What makes you think the software developers are the ones objecting to it? They, and the incumbent companies trying to raise costs on smaller upstarts, are the ones trying to establish a new racket and exclude newcomers from the industry. The ones objecting are the customers, and anyone who values efficiency and efficacy.
> We need to stop screwing around and create the software building code, before the government does it for us.
"We need to stop screwing around and create the Torment Nexus, before the government does it for us."
The Space Shuttle sure blew up a lot for something with that much process applied.
Many of these devices have security flaws that are horrific and out of best practices by over a decade.
Just having something like "Have a bonded 3rd party security team review the source code and running router software" would solve around 95% of the stupid things they do.
It would certainly help, but no economically feasible amount of auditing and best practices could lead to having a warranty on that software.
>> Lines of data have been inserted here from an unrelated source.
lemma pushforward_mono:
  assumes "\<nu>1 \<in> SMp X" "sm_le X \<nu>1 \<nu>2"
  shows "sm_le X (push \<nu>1) (push \<nu>2)"
  unfolding sm_le_def
proof
  fix \<phi> assume "\<phi> \<in> C0 X"
  have "push \<nu>1 \<phi> \<le> \<nu>2 \<psi>" if "\<psi> \<in> maj \<phi>" for \<psi>
    using pushforward_le[OF assms(1) \<open>\<phi> \<in> C0 X\<close> that] assms(2) majorants_C0[OF that]
    unfolding sm_le_def by fastforce
  then show "push \<nu>1 \<phi> \<le> push \<nu>2 \<phi>"
    by (rule le_pushforward[OF \<open>\<phi> \<in> C0 X\<close>])
qed

lemma pushforward_const_on_one_le: "\<nu> \<in> SMp X \<Longrightarrow> push \<nu> (const_on X 1) \<le> \<nu> (const_on X 1)"
  by (intro pushforward_le C0_const_on const_on_majorant) (auto simp: const_on_def)

lemma iterates_SMp: "\<nu> \<in> SMp X \<Longrightarrow> (push ^^ n) \<nu> \<in> SMp X"
  by (induction n) (auto intro: pushforward_SMp)

lemma iterates_abs_le:
  assumes "\<nu> \<in> SMp X" "\<phi> \<in> C0 X"
  shows "\<bar>(push ^^ n) \<nu> \<phi>\<bar> \<le> \<nu> (const_on X 1) * supnorm X \<phi>"
proof -
  have "(push ^^ n) \<nu> (const_on X 1) \<le> \<nu> (const_on X 1)"
  proof (induction n)
    case (Suc n)
    then show ?case
      using pushforward_const_on_one_le[OF iterates_SMp[OF assms(1)], of n] by simp
  qed simp
  then show ?thesis
    using SMp_abs_le[OF iterates_SMp[OF assms(1)] assms(2), of n] supnorm_nonneg[OF assms(2)]
    by (meson mult_right_mono order_trans)
qed

lemma sm_le_pushforward_iff:
  assumes "\<nu> \<in> SMp X"
  shows "sm_le X \<nu> (push \<nu>) \<longleftrightarrow> (\<forall>\<phi>\<in>C0 X. \<forall>\<psi>\<in>maj \<phi>. \<nu> \<phi> \<le> \<nu> \<psi>)"
  unfolding sm_le_def
  using pushforward_le[OF assms] le_pushforward by (meson order_trans)

lemma pushforward_sup_submeasure_le:
  assumes "c \<ge> 0"
  shows "sm_le X (push (sup_submeasure X c)) (sup_submeasure X c)"
  unfolding sm_le_def
proof
  fix \<phi> assume "\<phi> \<in> C0 X"
  define s where "s = max 0 (SUP x\<in>X. \<phi> x)"
  have "const_on X s \<in> maj \<phi>"
    unfolding s_def using le_SUP_C0[OF \<open>\<phi> \<in> C0 X\<close>]
    by (intro const_on_majorant[OF \<open>\<phi> \<in> C0 X\<close>]) (auto intro: max.coboundedI2)
  then have "push (sup_submeasure X c) \<phi> \<le> sup_submeasure X c (const_on X s)"
    by (rule pushforward_le[OF sup_submeasure_SMp[OF assms] \<open>\<phi> \<in> C0 X\<close>])
  also have "(SUP x\<in>X. const_on X s x) = s"
    using nonempty by (simp add: const_on_def)
  then have "sup_submeasure X c (const_on X s) = sup_submeasure X c \<phi>"
    by (simp add: sup_submeasure_def s_def)
  finally show "push (sup_submeasure X c) \<phi> \<le> sup_submeasure X c \<phi>" .
qed

lemma cesaro_sum_le:
  assumes "\<mu>0 \<in> SMp X" "\<phi> \<in> C0 X" "\<psi> \<in> maj \<phi>"
  shows "(\<Sum>j=0..n. (push ^^ j) \<mu>0 \<phi>)
    \<le> (\<Sum>j=0..n. (push ^^ j) \<mu>0 \<psi>) + 2 * (\<mu>0 (const_on X 1) * supnorm X \<phi>)"
proof -
  define g where "g j = (push ^^ j) \<mu>0 \<phi>" for j
  have "(\<Sum>j=0..n. g (Suc j)) = (\<Sum>j=0..n. g j) + g (Suc n) - g 0"
    using sum.atLeast0_atMost_Suc_shift[of g n] by simp
  moreover have "\<bar>g j\<bar> \<le> \<mu>0 (const_on X 1) * supnorm X \<phi>" for j
    unfolding g_def by (rule iterates_abs_le[OF assms(1,2)])
  moreover have "(\<Sum>j=0..n. g (Suc j)) \<le> (\<Sum>j=0..n. (push ^^ j) \<mu>0 \<psi>)"
    unfolding g_def using pushforward_le[OF iterates_SMp[OF assms(1)] assms(2,3)]
    by (intro sum_mono) simp
  ultimately show ?thesis
    unfolding g_def by (smt (verit, best))
qed

lemma cesaro_cluster_point_subinvariant:
  assumes "\<mu>0 \<in> SMp X"
    and "weak_cluster_point X (\<lambda>n \<phi>. (1 / real n) * (\<Sum>j=0..n. (push ^^ j) \<mu>0 \<phi>)) \<mu>"
  shows "sm_le X \<mu> (push \<mu>)"
  unfolding sm_le_def
proof
  fix \<phi> assume \<phi>: "\<phi> \<in> C0 X"
  define A where "A n \<xi> = (1 / real n) * (\<Sum>j=0..n. (push ^^ j) \<mu>0 \<xi>)" for n \<xi>
  define K where "K = 2 * (\<mu>0 (const_on X 1) * supnorm X \<phi>)"
  obtain r where r: "strict_mono r" and lim: "\<And>\<xi>. \<xi> \<in> C0 X \<Longrightarrow> (\<lambda>k. A (r k) \<xi>) \<longlonglongrightarrow> \<mu> \<xi>"
    using assms(2) unfolding weak_cluster_point_def weak_conv_def A_def by (auto simp: o_def)
  have "(\<lambda>k. 1 / real (r k)) \<longlonglongrightarrow> 0"
    using LIMSEQ_subseq_LIMSEQ[OF lim_1_over_n r] by (simp add: o_def)
  then have lim_shifted: "(\<lambda>k. A (r k) \<phi> - K * (1 / real (r k))) \<longlonglongrightarrow> \<mu> \<phi>"
    using tendsto_diff[OF lim[OF \<phi>] tendsto_mult_left] by fastforce
  show "\<mu> \<phi> \<le> push \<mu> \<phi>"
  proof (rule le_pushforward[OF \<phi>])
    fix \<psi> assume \<psi>: "\<psi> \<in> maj \<phi>"
    have "A (r k) \<phi> - K * (1 / real (r k)) \<le> A (r k) \<psi>" for k
      using mult_left_mono[OF cesaro_sum_le[OF assms(1) \<phi> \<psi>, of "r k"], of "1 / real (r k)"]
      unfolding A_def K_def by (simp add: algebra_simps)
    then show "\<mu> \<phi> \<le> \<mu> \<psi>"
      using lim_shifted lim[OF majorants_C0[OF \<psi>]] by (intro LIMSEQ_le) auto
  qed
qed

lemma iterates_antimono:
  assumes "\<rho> \<in> SMp X" "sm_le X (push \<rho>) \<rho>"
  shows "sm_le X ((push ^^ Suc n) \<rho>) ((push ^^ n) \<rho>)"
proof (induction n)
  case (Suc n)
  then show ?case
    using pushforward_mono[OF iterates_SMp[OF assms(1), of "Suc n"] Suc.IH] by simp
qed (use assms(2) in simp)

lemma subinvariant_le_iterates:
  assumes "\<nu> \<in> SMp X" "sm_le X \<nu> (push \<nu>)" "sm_le X \<nu> \<rho>"
  shows "sm_le X \<nu> ((push ^^ n) \<rho>)"
proof (induction n)
  case (Suc n)
  then show ?case
    using sm_le_trans[OF assms(2) pushforward_mono[OF assms(1) Suc]] by simp
qed (use assms(3) in simp)

lemma iterates_limit:
  assumes "\<rho> \<in> SMp X" "sm_le X (push \<rho>) \<rho>"
  obtains \<mu> where "weak_conv X (\<lambda>n. (push ^^ n) \<rho>) \<mu>" "\<And>n. sm_le X \<mu> ((push ^^ n) \<rho>)"
proof -
  define \<mu> where "\<mu> \<phi> = lim (\<lambda>n. (push ^^ n) \<rho> \<phi>)" for \<phi>
  have "(\<lambda>n. (push ^^ n) \<rho> \<phi>) \<longlonglongrightarrow> \<mu> \<phi> \<and> (\<forall>n. \<mu> \<phi> \<le> (push ^^ n) \<rho> \<phi>)" if "\<phi> \<in> C0 X" for \<phi>
  proof -
    have "decseq (\<lambda>n. (push ^^ n) \<rho> \<phi>)"
      using iterates_antimono[OF assms] that unfolding sm_le_def by (intro decseq_SucI) blast
    moreover have "\<forall>n. - (\<rho> (const_on X 1) * supnorm X \<phi>) \<le> (push ^^ n) \<rho> \<phi>"
      using iterates_abs_le[OF assms(1) that] by (meson abs_le_D2 minus_le_iff)
    ultimately obtain L where "(\<lambda>n. (push ^^ n) \<rho> \<phi>) \<longlonglongrightarrow> L" "\<forall>n. L \<le> (push ^^ n) \<rho> \<phi>"
      by (rule decseq_convergent)
    then show ?thesis
      unfolding \<mu>_def by (simp add: limI)
  qed
  then show ?thesis
    using that iterates_abs_le[OF assms(1)] unfolding weak_conv_def sm_le_def by blast
qed

lemma decreasing_iterates_converge:
  assumes \<rho>: "\<rho> \<in> SMp X" "sm_le X (push \<rho>) \<rho>"
  shows "\<exists>\<mu>\<in>SMp X. weak_conv X (\<lambda>n. (push ^^ n) \<rho>) \<mu> \<and> sm_le X \<mu> \<rho> \<and> sm_eq X (push \<mu>) \<mu>
    \<and> (\<forall>\<nu>\<in>SMp X. sm_le X \<nu> (push \<nu>) \<and> sm_le X \<nu> \<rho> \<longrightarrow> sm_le X \<nu> \<mu>)"
proof -
  obtain \<mu> where wc: "weak_conv X (\<lambda>n. (push ^^ n) \<rho>) \<mu>"
    and below: "\<And>n. sm_le X \<mu> ((push ^^ n) \<rho>)"
    using iterates_limit[OF \<rho>] by blast
  have lim: "(\<lambda>n. (push ^^ Suc n) \<rho> \<phi>) \<longlonglongrightarrow> \<mu> \<phi>" "(\<lambda>n. (push ^^ n) \<rho> \<phi>) \<longlonglongrightarrow> \<mu> \<phi>"
    if "\<phi> \<in> C0 X" for \<phi>
    using wc that LIMSEQ_Suc unfolding weak_conv_def by blast+
  have \<mu>: "\<mu> \<in> SMp X"
    by (rule SMp_weak_limit[OF iterates_SMp[OF \<rho>(1)] wc])
  have "push \<mu> \<phi> \<le> \<mu> \<phi>" if "\<phi> \<in> C0 X" for \<phi>
    using pushforward_mono[OF \<mu> below] that unfolding sm_le_def
    by (intro LIMSEQ_le_const[OF lim(1)[OF that]]) auto
  moreover have "\<mu> \<phi> \<le> \<mu> \<psi>" if "\<phi> \<in> C0 X" "\<psi> \<in> maj \<phi>" for \<phi> \<psi>
    using pushforward_le[OF iterates_SMp[OF \<rho>(1)] that]
    by (intro LIMSEQ_le[OF lim(1)[OF that(1)] lim(2)[OF majorants_C0[OF that(2)]]]) auto
  then have "sm_le X \<mu> (push \<mu>)"
    using sm_le_pushforward_iff[OF \<mu>] by blast
  ultimately have "sm_eq X (push \<mu>) \<mu>"
    unfolding sm_eq_def sm_le_def by (simp add: antisym)
  moreover have "sm_le X \<nu> \<mu>" if \<nu>: "\<nu> \<in> SMp X" "sm_le X \<nu> (push \<nu>)" "sm_le X \<nu> \<rho>" for \<nu>
    unfolding sm_le_def
  proof
    fix \<phi> assume "\<phi> \<in> C0 X"
    then show "\<nu> \<phi> \<le> \<mu> \<phi>"
      using subinvariant_le_iterates[OF \<nu>] unfolding sm_le_def
      by (intro LIMSEQ_le_const[OF lim(2)]) auto
  qed
  ultimately show ?thesis
    using \<mu> wc below[of 0] by auto
qed

lemma fixed_point_between:
  assumes "\<mu>0 \<in> SMp X" "sm_le X \<mu>0 (push \<mu>0)" "\<rho> \<in> SMp X" "sm_le X (push \<rho>) \<rho>" "sm_le X \<mu>0 \<rho>"
  shows "\<exists>\<nu>\<in>SMp X. sm_le X \<mu>0 \<nu> \<and> sm_eq X (push \<nu>) \<nu> \<and> sm_le X \<nu> \<rho>"
  using decreasing_iterates_converge[OF assms(3,4)] assms(1,2,5) by blast
lemma independent_interpolation_finite:
  assumes ind: "ba_independent X" and S: "finite S" "S \<subseteq> X" and T: "finite T" "T \<subseteq> X"
    and "a \<in> ba_generated S" "b \<in> ba_generated T" "a \<le> b"
  shows "\<exists>c \<in> ba_generated (S \<inter> T). a \<le> c \<and> c \<le> b"
  using S assms(6-)
proof (induction S arbitrary: a b rule: finite_induct)
  case empty
  then show ?case by auto
next
  case (insert v S)
  obtain a1 a0 where a: "a1 \<in> ba_generated S" "a0 \<in> ba_generated S" "a = (v \<sqinter> a1) \<squnion> (- v \<sqinter> a0)"
    using insert.prems(2) by (rule ba_generated_insertE)
  have S: "S \<subseteq> X" "v \<in> X" using insert.prems(1) by auto
  have le: "a1 \<le> b \<squnion> - v" "a0 \<le> b \<squnion> v" using insert.prems(4) a(3) cofactors_le_iff by blast+
  show ?case
  proof (cases "v \<in> T")
    case True
    have "b \<squnion> - v \<in> ba_generated T" "b \<squnion> v \<in> ba_generated T"
      using insert.prems(3) True by (auto intro: ba_generated.intros)
    then obtain c1 c0 where c: "c1 \<in> ba_generated (S \<inter> T)" "a1 \<le> c1" "c1 \<le> b \<squnion> - v"
      "c0 \<in> ba_generated (S \<inter> T)" "a0 \<le> c0" "c0 \<le> b \<squnion> v"
      using insert.IH[OF S(1) a(1) _ le(1)] insert.IH[OF S(1) a(2) _ le(2)] by meson
    let ?c = "(v \<sqinter> c1) \<squnion> (- v \<sqinter> c0)"
    have "v \<in> ba_generated (insert v S \<inter> T)" using True by (auto intro: ba_generated.gen_base)
    moreover have "c1 \<in> ba_generated (insert v S \<inter> T)" "c0 \<in> ba_generated (insert v S \<inter> T)"
      using ba_generated_mono[of "S \<inter> T" "insert v S \<inter> T"] c(1,4) by auto
    ultimately have "?c \<in> ba_generated (insert v S \<inter> T)"
      by (intro ba_generated.gen_sup ba_generated.gen_inf ba_generated.gen_compl)
    moreover have "a \<le> ?c" unfolding a(3) by (intro sup_mono inf_mono order_refl c(2,5))
    moreover have "?c \<le> b" using c(3,6) cofactors_le_iff by blast
    ultimately show ?thesis by blast
  next
    case False
    text \<open>The generator v does not occur in b, so by independence it can be cancelled.\<close>
    have W: "finite (S \<union> T)" "S \<union> T \<subseteq> X" using insert.hyps(1) S(1) T by auto
    have v: "v \<notin> S \<union> T" using insert.hyps(2) False by auto
    have b: "b \<in> ba_generated (S \<union> T)" using insert.prems(3) ba_generated_mono by blast
    have "a1 \<in> ba_generated (S \<union> T)" "a0 \<in> ba_generated (S \<union> T)"
      using a(1,2) ba_generated_mono by blast+
    then have "a1 \<le> b" "a0 \<le> b"
      using le inf_le_iff_le_sup_compl[of v a1 b] inf_le_iff_le_sup_compl[of "- v" a0 b]
        independent_literal_le_cancel[OF ind W S(2) v _ b, of _ True]
        independent_literal_le_cancel[OF ind W S(2) v _ b, of _ False]
      by (simp_all add: literal_def)
    then obtain c1 c0 where c: "c1 \<in> ba_generated (S \<inter> T)" "a1 \<le> c1" "c1 \<le> b"
      "c0 \<in> ba_generated (S \<inter> T)" "a0 \<le> c0" "c0 \<le> b"
      using insert.IH[OF S(1) a(1) insert.prems(3)] insert.IH[OF S(1) a(2) insert.prems(3)] by meson
    have "c1 \<squnion> c0 \<in> ba_generated (insert v S \<inter> T)"
      using c(1,4) False by (auto intro: ba_generated.intros)
    moreover have "a \<le> c1 \<squnion> c0"
      unfolding a(3) using c(2,5) by (meson inf.coboundedI2 sup_mono)
    moreover have "c1 \<squnion> c0 \<le> b" using c(3,6) by simp
    ultimately show ?thesis by blast
  qed
qed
My thesis is that our current understanding of software is fundamentally weaker than that of practical applications of electricity, so it makes no sense to present analogies between the two.
Are you familiar with how the actual electrical code works? It's a racket. The code is quite long and most of the inspectors don't know most of it so only a small subset is ever actually checked, and that only in the places where the person doing the work is actually pulling permits and the local inspector isn't corrupt or lax in areas the local tradespeople have learned that they're lax. Then we purposely limit the supply of licensed electricians so that they're expensive enough that ordinary people can't afford one, so that handyman from Craigslist or whatever, who isn't even allowed to pull permits, is the one who ends up doing the work.
It only basically works because no one has the incentive to purposely burn down your house and then it only happens in the cases where the numerous violations turned out to actually matter, which is rare enough for people to not get too upset about it.
But the thing that makes it a racket is the making the official process expensive on purpose to milk wealthy homeowners and corporations who actually use the official process, which is the same thing that drives common people to someone who charges a price they can afford even knowing that then there no inspection.
> Then that kind person can inform the company of the bad wiring.
The point is rather that when the homeowner discovers that their microwave outlet is heating up, they can fix it themselves or hire an independent professional to do it instead of the company that built the house (which may or may not even still exist) being the only one who can feasibly cause it to not stay like that until the house is on fire.
Trying to make analogies from software to hardware will always fall down on that point. If you want to argue that there should be stricter security & correctness requirements for routers, maybe look more toward "here is how people actually treat them in practice" with regard to ignoring updates...?
As in my example, some random stranger needs to first find out your "house" (the vendor's software) is wired wrong. And this needs to happen for every "house" (every piece of software). While waiting for this to be discovered, your house burns down (hackers penetrate millions of devices, or perhaps just Microsoft Sharepoint that the govt is uses).
Those standards aren’t related to the functionality or security of the router.
Jokes aside, there's so much low-hanging fruit in IoT it's utterly ridiculous. Having any standards at all would be an improvement.